LONDON— Bank of Uganda sold Crane Bank Limited to dfcu limited transparently, a High Court in London, United Kingdom has ruled in a $211 million dispute involved Ugandan parties.
In the case Crane Bank Ltd. and others v. DFCU Bank Ltd. and others, case number CL-2020-000859, in the High Court of Justice of England and Wales—read on October 7, 2022, Lord Pelling QC sitting in London exonerated both dfcu and BoU of wrong doing.
He ruled that BoU is justified in performing their oversight role enshrined in Uganda’s constitution especially following several red flags and warnings it had brought to Crane Bank’s notice against wrong doings.
dfcu on the other hand was cleared of the alleged connivance to buy CBL assets at undervalued rate.
“In my judgment, therefore, whether a claim in conspiracy could succeed would depend on the detailed facts, as would the applicability of the MCA Records Principle, assuming that it applies to conspiracy at all. So far as this last point is concerned, there are at least two reasons why it is at least realistically arguable that it should not.” Judge Pelling QC stated
Crane Bank Ltd. and half a dozen shareholders represented by Hannah Brown QC, David Caplan and Ben Lewy of One Essex Court, instructed by Greenberg Traurig LLP had accused dfcu limited, its executives and four development finance institutions of taking part in a fraudulent scheme to buy the lender’s assets in January 2017 as part of a sham bidding process.

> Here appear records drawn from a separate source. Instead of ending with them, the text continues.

(* Let $K$ be a compact convex polytope of dimension $d$ in $\mathbb{R}^d$ with $N$ faces. Then $K$ is a finite intersection $$K=\bigcap_{j=1}^M S_j,$$ where each $S_j$ is either a $d$-dimensional simplex or a strip whose orthogonal cross-section is a lower-dimensional simplex. Moreover, each (codimension-one) face of each $S_j$ contains a face of $K$.
   Context: Faces of $K$ mean faces of codimension $1$. A strip in $\mathbb{R}^d$ is a set $L^{-1}(A)$, where $L\colon\mathbb{R}^d\to\mathbb{R}^j$ is a linear map of rank $j$, $j\in\{1,\dots,d\}$, and $A\subset\mathbb{R}^j$ is a compact convex set of dimension $j$. After an orthogonal change of coordinates the strip is $A\times\mathbb{R}^{d-j}$, and $A$ is its ($j$-dimensional) orthogonal cross-section. "Lower-dimensional" means $j<d$. When $A$ is a simplex, the faces of the strip are the sets $L^{-1}(G)$ with $G$ a facet of $A$. *)

theory Defs
  imports "HOL-Analysis.Analysis"
begin

text \<open>A lower-dimensional simplicial strip in the Euclidean space 'a, presented by data (L, j, A):
  L is a linear map of rank j (0 < j < DIM('a)); its range, a j-dimensional subspace of 'a,
  plays the role of R^j; A is a j-dimensional simplex inside that range; the strip is the
  preimage of A under L.\<close>
definition simplex_strip_data :: "('a::euclidean_space \<Rightarrow> 'a) \<Rightarrow> nat \<Rightarrow> 'a set \<Rightarrow> bool" where
  "simplex_strip_data L j A \<longleftrightarrow>
     linear L \<and> dim (range L) = j \<and> 1 \<le> j \<and> j < DIM('a) \<and>
     A \<subseteq> range L \<and> (int j) simplex A"

definition strip_faces :: "('a::euclidean_space \<Rightarrow> 'a) \<Rightarrow> 'a set \<Rightarrow> 'a set set" where
  "strip_faces L A = {L -` G | G. G facet_of A}"

end

theory Submission
  imports Defs
begin

text \<open>
  Write K as the irredundant intersection of halfspaces a_h . x <= b_h (h in F), so that every
  hyperplane a_h . x = b_h meets K in a facet, and fix h0 in F. Since K is bounded, -a_h0 lies in
  the convex cone spanned by the normals, and by Caratheodory's theorem for cones there is a
  relation mu_h0 a_h0 + sum_(h in T) mu_h a_h = 0 with all mu_h > 0 and the a_h (h in T) linearly
  independent. The halfspaces indexed by J = {h0} u T cut out a set S that contains K and lies in
  the h0-th halfspace. Because sum_(h in J) mu_h (b_h - a_h . y) is a positive constant, the
  normalised weighted slacks are barycentric coordinates on V = span {a_h | h in T}, so S meets V
  in a simplex whose vertices are the points of V where all constraints of J but one are tight.
  S is the preimage of this simplex under the orthogonal projection onto V: a d-simplex if T has
  d elements and a strip otherwise. Each face of S contains the part of S on a hyperplane
  a_h . x = b_h with h in J, which contains a facet of K. Intersecting these sets S over all h0
  gives K.
\<close>

section \<open>Linear algebra in Euclidean space\<close>

lemma span_inner_interpolation:
  fixes B :: "'a::euclidean_space set"
  assumes "independent B"
  obtains v where "v \<in> span B" "\<And>n. n \<in> B \<Longrightarrow> n \<bullet> v = t n"
proof -
  obtain g :: "'a \<Rightarrow> real" where g: "linear g" "\<And>x. x \<in> B \<Longrightarrow> g x = t x"
    using linear_independent_extend[OF assms] by metis
  have gw: "g x = x \<bullet> adjoint g 1" for x
    using adjoint_works[OF g(1), of x 1] by simp
  obtain y z where y: "y \<in> span B" and z: "\<And>u. u \<in> span B \<Longrightarrow> orthogonal z u"
    and yz: "adjoint g 1 = y + z"
    using orthogonal_subspace_decomp_exists by blast
  have "n \<bullet> y = t n" if "n \<in> B" for n
  proof -
    have "n \<bullet> z = 0"
      using z[OF span_base[OF that]] by (simp add: orthogonal_def inner_commute)
    then show ?thesis using yz gw[of n] g(2)[OF that] by (simp add: inner_add_right)
  qed
  with y that show thesis by blast
qed

lemma orthogonal_projection_exists:
  fixes V :: "'a::euclidean_space set"
  assumes "subspace V"
  obtains L where "linear L" "range L = V" "\<And>x y. y \<in> V \<Longrightarrow> y \<bullet> L x = y \<bullet> x"
proof -
  obtain E where E: "pairwise orthogonal E" "\<And>e. e \<in> E \<Longrightarrow> norm e = 1"
    "independent E" "span E = V"
    using orthonormal_basis_subspace[OF assms] by metis
  have finE: "finite E" using E(3) independent_bound by blast
  define L where "L x = (\<Sum>e\<in>E. (e \<bullet> x) *\<^sub>R e)" for x
  have lin: "linear L"
    unfolding L_def
    by (auto simp: linear_iff inner_add_right scaleR_add_left sum.distrib scaleR_sum_right)
  have LV: "L x \<in> V" for x
    unfolding L_def E(4)[symmetric] by (intro span_sum span_scale) (auto intro: span_base)
  have eL: "e \<bullet> L x = e \<bullet> x" if "e \<in> E" for e x
  proof -
    have "e \<bullet> L x = (\<Sum>e'\<in>E. (e' \<bullet> x) * (e \<bullet> e'))"
      unfolding L_def by (simp add: inner_sum_right)
    also have "\<dots> = (e \<bullet> x) * (e \<bullet> e) + (\<Sum>e'\<in>E - {e}. (e' \<bullet> x) * (e \<bullet> e'))"
      by (rule sum.remove[OF finE that])
    also have "(\<Sum>e'\<in>E - {e}. (e' \<bullet> x) * (e \<bullet> e')) = 0"
      using E(1) that by (intro sum.neutral) (auto simp: pairwise_def orthogonal_def)
    finally show ?thesis using E(2)[OF that] by (simp add: norm_eq_1)
  qed
  have yL: "y \<bullet> L x = y \<bullet> x" if "y \<in> V" for x y
  proof -
    have "orthogonal (x - L x) y"
      by (rule orthogonal_to_span[of y E])
        (use that E(4) eL in
          \<open>auto simp: orthogonal_def inner_diff_left inner_diff_right inner_commute\<close>)
    then show ?thesis by (simp add: orthogonal_def inner_diff_left inner_diff_right inner_commute)
  qed
  have "L y = y" if "y \<in> V" for y
  proof -
    have "(y - L y) \<bullet> (y - L y) = 0"
      using yL[OF subspace_diff[OF assms that LV], of y] by (simp add: inner_diff_right)
    then show ?thesis by simp
  qed
  then have "range L = V" using LV by (metis image_subset_iff rangeI subsetI subset_antisym)
  with lin yL that show thesis by blast
qed

section \<open>Conic Caratheodory theorem\<close>

lemma convex_cone_hull_image_nonneg_sum:
  fixes v :: "'i \<Rightarrow> 'a::real_vector"
  assumes "finite I" "z \<in> convex_cone hull (v ` I)"
  obtains l where "\<forall>i\<in>I. 0 \<le> l i" "z = (\<Sum>i\<in>I. l i *\<^sub>R v i)"
proof -
  define comb where "comb l = (\<Sum>i\<in>I. l i *\<^sub>R v i)" for l
  define C where "C = comb ` {l. \<forall>i\<in>I. 0 \<le> l i}"
  have "v j \<in> C" if "j \<in> I" for j
  proof -
    have "v j = comb (\<lambda>i. if i = j then 1 else 0)"
      unfolding comb_def using assms(1) that
      by (simp add: if_distrib[of "\<lambda>r. r *\<^sub>R _"] cong: if_cong)
    then show ?thesis unfolding C_def by auto
  qed
  moreover have "convex_cone C"
    unfolding convex_cone_iff
  proof (intro conjI ballI allI impI)
    have "0 = comb (\<lambda>_. 0)" by (simp add: comb_def)
    then show "0 \<in> C" unfolding C_def by auto
    show "x + y \<in> C" if x: "x \<in> C" and y: "y \<in> C" for x y
    proof -
      obtain l l' where "\<forall>i\<in>I. 0 \<le> l i" "\<forall>i\<in>I. 0 \<le> l' i" "x = comb l" "y = comb l'"
        using x y unfolding C_def by blast
      moreover have "comb l + comb l' = comb (\<lambda>i. l i + l' i)"
        by (simp add: comb_def scaleR_add_left sum.distrib)
      ultimately show ?thesis unfolding C_def by auto
    qed
    show "c *\<^sub>R x \<in> C" if x: "x \<in> C" and c: "0 \<le> c" for x c
    proof -
      obtain l where "\<forall>i\<in>I. 0 \<le> l i" "x = comb l"
        using x unfolding C_def by blast
      moreover have "c *\<^sub>R comb l = comb (\<lambda>i. c * l i)"
        by (simp add: comb_def scaleR_sum_right)
      ultimately show ?thesis unfolding C_def using c by auto
    qed
  qed
  ultimately have "convex_cone hull (v ` I) \<subseteq> C"
    by (intro hull_minimal) auto
  with assms(2) obtain l where "\<forall>i\<in>I. 0 \<le> l i" "z = comb l"
    unfolding C_def by blast
  with that show thesis unfolding comb_def by blast
qed

lemma nontrivial_relation_if_not_independent_family:
  fixes v :: "'i \<Rightarrow> 'a::real_vector"
  assumes "finite I" "\<not> (inj_on v I \<and> independent (v ` I))"
  obtains u where "\<exists>i\<in>I. u i \<noteq> 0" "(\<Sum>i\<in>I. u i *\<^sub>R v i) = 0"
proof (cases "inj_on v I")
  case True
  then have "dependent (v ` I)" using assms(2) by blast
  then obtain U where "\<exists>w\<in>v ` I. U w \<noteq> 0" "(\<Sum>w\<in>v ` I. U w *\<^sub>R w) = 0"
    using dependent_finite[of "v ` I"] assms(1) by auto
  then show thesis
    using that[of "U \<circ> v"] sum.reindex[OF True, of "\<lambda>w. U w *\<^sub>R w"] by auto
next
  case False
  then obtain i j where ij: "i \<in> I" "j \<in> I" "i \<noteq> j" "v i = v j"
    unfolding inj_on_def by blast
  define u :: "'i \<Rightarrow> real" where "u k = (if k = i then 1 else if k = j then -1 else 0)" for k
  have "u k *\<^sub>R v k = (if k = i then v i else 0) - (if k = j then v j else 0)" for k
    using ij(3) by (simp add: u_def)
  then have "(\<Sum>k\<in>I. u k *\<^sub>R v k) = 0"
    using assms(1) ij by (simp add: sum_subtractf)
  moreover have "u i \<noteq> 0" by (simp add: u_def)
  ultimately show thesis using that ij(1) by blast
qed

CBL and it’s shareholders had told the english court that the bank, which was closed in 2016, was illegally stripped of its assets in a corrupt scheme by government ministers working with the central bank under late governor Tumusiime Mutebile and his deputy Dr. Louis Kasekende.
But DFCU Bank and its parent company— represented by Joe Smouha QC and Jackie McArthur of Essex Court Chambers, instructed by Freshfields Bruckhaus Deringer LLP denied at the hearing that it “turned a blind eye” to wrongdoing by the Bank of Uganda, saying that the central bank did “what central banks are supposed to do” to protect taxpayers when it took over CBL.

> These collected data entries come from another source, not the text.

(* Consider the multi-subflow routing problem described in the context. Assume $e_{ij}^k(\mathbf{y})>0$ for all $(i,j)\in\mathcal{A}$, all $k$ and all $\mathbf{y}\in\{0,1\}^N$, that at least one directed path from $1$ to $n$ exists, and that every subflow must recharge: for every routing $x$ in which each $x^k$ is the indicator of a simple directed $1$–$n$ path $P^k$, and every $k$, $\sum_{(i,j)\in P^k} e_{ij}^k(\mathbf{x}_{ij})>E_1^k$. Consider the routing-only problem $$\text{(R)}\quad\min_{x}\ \sum_{(i,j)\in\mathcal{A}}\sum_{k=1}^N\Bigl(\tau_{ij}^k(\mathbf{x}_{ij})+g\,e_{ij}^k(\mathbf{x}_{ij})\,x_{ij}^k\Bigr)$$ over all $x=(x_{ij}^k)$ such that, for each $k$, the arcs with $x_{ij}^k=1$ form a simple directed path from $1$ to $n$. Then the multi-subflow routing problem has an optimal solution, its optimal value equals $(\text{optimal value of (R)})-g\sum_{k=1}^N E_1^k$, and for every optimal solution $(x^*,r^*,E^* )$ of the multi-subflow routing problem, $x^*$ is an optimal solution of (R).
   Context: Let $G=(\mathcal{N},\mathcal{A})$ be a directed graph with $\mathcal{N}=\{1,\dots,n\}$, $n\ge2$, $I(i)=\{j:(j,i)\in\mathcal{A}\}$, $O(i)=\{j:(i,j)\in\mathcal{A}\}$, with $I(1)=\emptyset$ and $O(n)=\emptyset$ (origin $1$, destination $n$). There are $N\ge1$ vehicle subflows $k=1,\dots,N$. Decision variables: $x_{ij}^k\in\{0,1\}$ for $(i,j)\in\mathcal{A}$ and each $k$, recharging amounts $r_i^k\ge0$ for $i\in\mathcal{N}$ and each $k$, and residual energies $E_j^k$, $j=2,\dots,n$. Write $\mathbf{x}_{ij}=(x_{ij}^1,\dots,x_{ij}^N)\in\{0,1\}^N$. For each arc and each $k$ there are given real-valued functions $\tau_{ij}^k(\mathbf{x}_{ij})$ (travel time of subflow $k$ on arc $(i,j)$, depending on congestion) and $e_{ij}^k(\mathbf{x}_{ij})$ (energy consumption of subflow $k$ on arc $(i,j)$). Given constants: initial energies $E_1^k\ge0$ and $g>0$ (charging time per unit energy). A triple $(x,r,E)$ is feasible if for every $k$: (a) the arcs with $x_{ij}^k=1$ form a simple directed path from $1$ to $n$; (b) $E_j^k=\sum_{i\in I(j)}\bigl(E_i^k+r_i^k-e_{ij}^k(\mathbf{x}_{ij})\bigr)x_{ij}^k$ for $j=2,\dots,n$; (c) $E_i^k\ge0$ for all $i$. The objective to be minimized is $J(x,r)=\sum_{(i,j)\in\mathcal{A}}\sum_{k=1}^N\bigl(\tau_{ij}^k(\mathbf{x}_{ij})+g\,r_i^k x_{ij}^k\bigr)$. An optimal solution is a feasible solution minimizing $J$. *)

theory Defs
  imports Complex_Main
begin

(* A routing is x :: nat => nat*nat => bool,
   x k (i,j) = True  iff  x_ij^k = 1.  The congestion vector
   x_ij = (x_ij^1,...,x_ij^N) is represented as a bool list of length N. *)

definition arcvec :: "nat \<Rightarrow> (nat \<Rightarrow> nat \<times> nat \<Rightarrow> bool) \<Rightarrow> nat \<times> nat \<Rightarrow> bool list" where
  "arcvec N x a = map (\<lambda>k. x k a) [1..<N+1]"

definition is_dpath :: "nat \<Rightarrow> (nat \<times> nat) set \<Rightarrow> nat list \<Rightarrow> bool" where
  "is_dpath n A p \<longleftrightarrow> p \<noteq> [] \<and> hd p = 1 \<and> last p = n \<and>
     (\<forall>i. Suc i < length p \<longrightarrow> (p ! i, p ! Suc i) \<in> A)"

definition is_simple_path :: "nat \<Rightarrow> (nat \<times> nat) set \<Rightarrow> nat list \<Rightarrow> bool" where
  "is_simple_path n A p \<longleftrightarrow> is_dpath n A p \<and> distinct p"

definition path_arcs :: "nat list \<Rightarrow> (nat \<times> nat) set" where
  "path_arcs p = set (zip p (tl p))"

definition routing_ok :: "nat \<Rightarrow> (nat \<times> nat) set \<Rightarrow> nat \<Rightarrow> (nat \<Rightarrow> nat \<times> nat \<Rightarrow> bool) \<Rightarrow> bool" where
  "routing_ok n A N x \<longleftrightarrow>
     (\<forall>k\<in>{1..N}. \<exists>p. is_simple_path n A p \<and> {a \<in> A. x k a} = path_arcs p)"

definition msr_feasible ::
  "nat \<Rightarrow> (nat \<times> nat) set \<Rightarrow> nat \<Rightarrow> (nat \<Rightarrow> nat \<times> nat \<Rightarrow> bool list \<Rightarrow> real) \<Rightarrow> (nat \<Rightarrow> real) \<Rightarrow>
   (nat \<Rightarrow> nat \<times> nat \<Rightarrow> bool) \<Rightarrow> (nat \<Rightarrow> nat \<Rightarrow> real) \<Rightarrow> (nat \<Rightarrow> nat \<Rightarrow> real) \<Rightarrow> bool" where
  "msr_feasible n A N e E1 x r E \<longleftrightarrow>
     routing_ok n A N x \<and>
     (\<forall>k\<in>{1..N}. \<forall>i\<in>{1..n}. r k i \<ge> 0) \<and>
     (\<forall>k\<in>{1..N}. E k 1 = E1 k) \<and>
     (\<forall>k\<in>{1..N}. \<forall>j\<in>{2..n}.
        E k j = (\<Sum>i\<in>{i. (i, j) \<in> A}.
                   (E k i + r k i - e k (i, j) (arcvec N x (i, j))) * of_bool (x k (i, j)))) \<and>
     (\<forall>k\<in>{1..N}. \<forall>i\<in>{1..n}. E k i \<ge> 0)"

definition msr_obj ::
  "(nat \<times> nat) set \<Rightarrow> nat \<Rightarrow> (nat \<Rightarrow> nat \<times> nat \<Rightarrow> bool list \<Rightarrow> real) \<Rightarrow> real \<Rightarrow>
   (nat \<Rightarrow> nat \<times> nat \<Rightarrow> bool) \<Rightarrow> (nat \<Rightarrow> nat \<Rightarrow> real) \<Rightarrow> real" where
  "msr_obj A N tau g x r =
     (\<Sum>a\<in>A. \<Sum>k=1..N. tau k a (arcvec N x a) + g * r k (fst a) * of_bool (x k a))"

definition msr_optimal ::
  "nat \<Rightarrow> (nat \<times> nat) set \<Rightarrow> nat \<Rightarrow> (nat \<Rightarrow> nat \<times> nat \<Rightarrow> bool list \<Rightarrow> real) \<Rightarrow>
   (nat \<Rightarrow> nat \<times> nat \<Rightarrow> bool list \<Rightarrow> real) \<Rightarrow> (nat \<Rightarrow> real) \<Rightarrow> real \<Rightarrow>
   (nat \<Rightarrow> nat \<times> nat \<Rightarrow> bool) \<Rightarrow> (nat \<Rightarrow> nat \<Rightarrow> real) \<Rightarrow> (nat \<Rightarrow> nat \<Rightarrow> real) \<Rightarrow> bool" where
  "msr_optimal n A N tau e E1 g x r E \<longleftrightarrow>
     msr_feasible n A N e E1 x r E \<and>
     (\<forall>x' r' E'. msr_feasible n A N e E1 x' r' E' \<longrightarrow> msr_obj A N tau g x r \<le> msr_obj A N tau g x' r')"

definition R_obj ::
  "(nat \<times> nat) set \<Rightarrow> nat \<Rightarrow> (nat \<Rightarrow> nat \<times> nat \<Rightarrow> bool list \<Rightarrow> real) \<Rightarrow>
   (nat \<Rightarrow> nat \<times> nat \<Rightarrow> bool list \<Rightarrow> real) \<Rightarrow> real \<Rightarrow> (nat \<Rightarrow> nat \<times> nat \<Rightarrow> bool) \<Rightarrow> real" where
  "R_obj A N tau e g x =
     (\<Sum>a\<in>A. \<Sum>k=1..N. tau k a (arcvec N x a) + g * e k a (arcvec N x a) * of_bool (x k a))"

definition R_optimal ::
  "nat \<Rightarrow> (nat \<times> nat) set \<Rightarrow> nat \<Rightarrow> (nat \<Rightarrow> nat \<times> nat \<Rightarrow> bool list \<Rightarrow> real) \<Rightarrow>
   (nat \<Rightarrow> nat \<times> nat \<Rightarrow> bool list \<Rightarrow> real) \<Rightarrow> real \<Rightarrow> (nat \<Rightarrow> nat \<times> nat \<Rightarrow> bool) \<Rightarrow> bool" where
  "R_optimal n A N tau e g x \<longleftrightarrow>
     routing_ok n A N x \<and>
     (\<forall>x'. routing_ok n A N x' \<longrightarrow> R_obj A N tau e g x \<le> R_obj A N tau e g x')"

definition msr_optval where
  "msr_optval n A N tau e E1 g =
     Inf {msr_obj A N tau g x r | x r E. msr_feasible n A N e E1 x r E}"

definition R_optval where
  "R_optval n A N tau e g = Inf {R_obj A N tau e g x | x. routing_ok n A N x}"

end

theory Submission
  imports Defs
begin

text \<open>Along the path of subflow \<open>k\<close> the energy balance telescopes to
  \<open>E\<^sup>k\<^sub>n = E\<^sup>k\<^sub>1 + \<Sum> r\<^sup>k - \<Sum> e\<^sup>k\<close>, so \<open>E\<^sup>k\<^sub>n \<ge> 0\<close> forces the recharged energy to be
  at least \<open>\<Sum> e\<^sup>k - E\<^sup>k\<^sub>1\<close>; hence \<open>J(x, r) \<ge> R(x) - g \<Sum>\<^sub>k E\<^sup>k\<^sub>1\<close> for every feasible triple.
  Conversely, recharging exactly \<open>\<Sum> e\<^sup>k - E\<^sup>k\<^sub>1\<close> at the origin, which is nonnegative because
  every subflow must recharge, is feasible and attains this bound. The routing objective takes
  finitely many values, so it has a minimiser, and both claims follow.\<close>

lemma is_dpath_iff_successively:
  "is_dpath n A p \<longleftrightarrow> p \<noteq> [] \<and> hd p = 1 \<and> last p = n \<and> successively (\<lambda>u v. (u, v) \<in> A) p"
  unfolding is_dpath_def successively_conv_nth by simp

The Central Bank maintains that CBL was undercapitalized and had run out of cash, a liquidity crisis that required intervention to prevent a run on its deposits.
dfcu lawyers argued that because BoU acted “in the lawful exercise of foreign governmental powers” when seizing control of CBL, under the foreign acts of state doctrine, the court needed to treat that action as “valid and lawful.”
Under the legal principle, English courts cannot question the legality of the acts of a foreign state, specifically in this case on the matter of the state seizing property, dfcu lawyers told Mark Pelling QC, sitting as a High Court judge.
dfcu further argued that if the court were to treat what the BoU did as lawful, then the lawsuit stemming from the bank’s actions had no “real prospect of success.”
In their defence, CBL lawyers urged that it was pushed into receivership with little advance warning in early 2016 by the BoU for allegedly falling short of financial health standards and failing to secure tens of millions of dollars in emergency funding.
The lawsuit, which targeted 15 individuals and businesses, had alleged the CBL was the victim of a scheme by senior Ugandan officials to seize control of a major bank and offer it to CEFC China Energy, a Chinese energy conglomerate.
But after the deal fell apart, the bank’s assets were put up for bid, with CBL’s assets being intentionally undervalued, according to the claim.
The lawsuit had also targeted Dutch lender Rabo Development and NorFinance, a Norwegian development financial institution, which agreed to provide dfcu with the capital needed to complete the transactions.
NorFinance and Rabo Development had each owned a 27.5% stake in dfcu until December 2016 and appointed directors to its board.
Their stakes were transferred to Arise BV, a Dutch investment company co-owned by Rabobank and others, in January 2017.
The case also targeted dfcu executives, directors, and individuals at the development institutions as well as Albert Jonkergouw, Rabobank’s director in Africa.
In his ruling, Justice Mark Pelling QC, also exonerated
dfcu executives, reasoning that they acted as directors for the bank.
The Supreme Court of Uganda had dismissed the case against the Crane Bank owners Sudhir Ruparelia and Meera Investments, at all levels on technical grounds, not their proof of innocence in regard to the alleged offences for which BOU acted.
The Court of Appeal had also ruled in 2021 that CBL’s receivership ended in January 2018, a decision that would restore control to the bank’s board.
The case has also been appealed to the Supreme Court.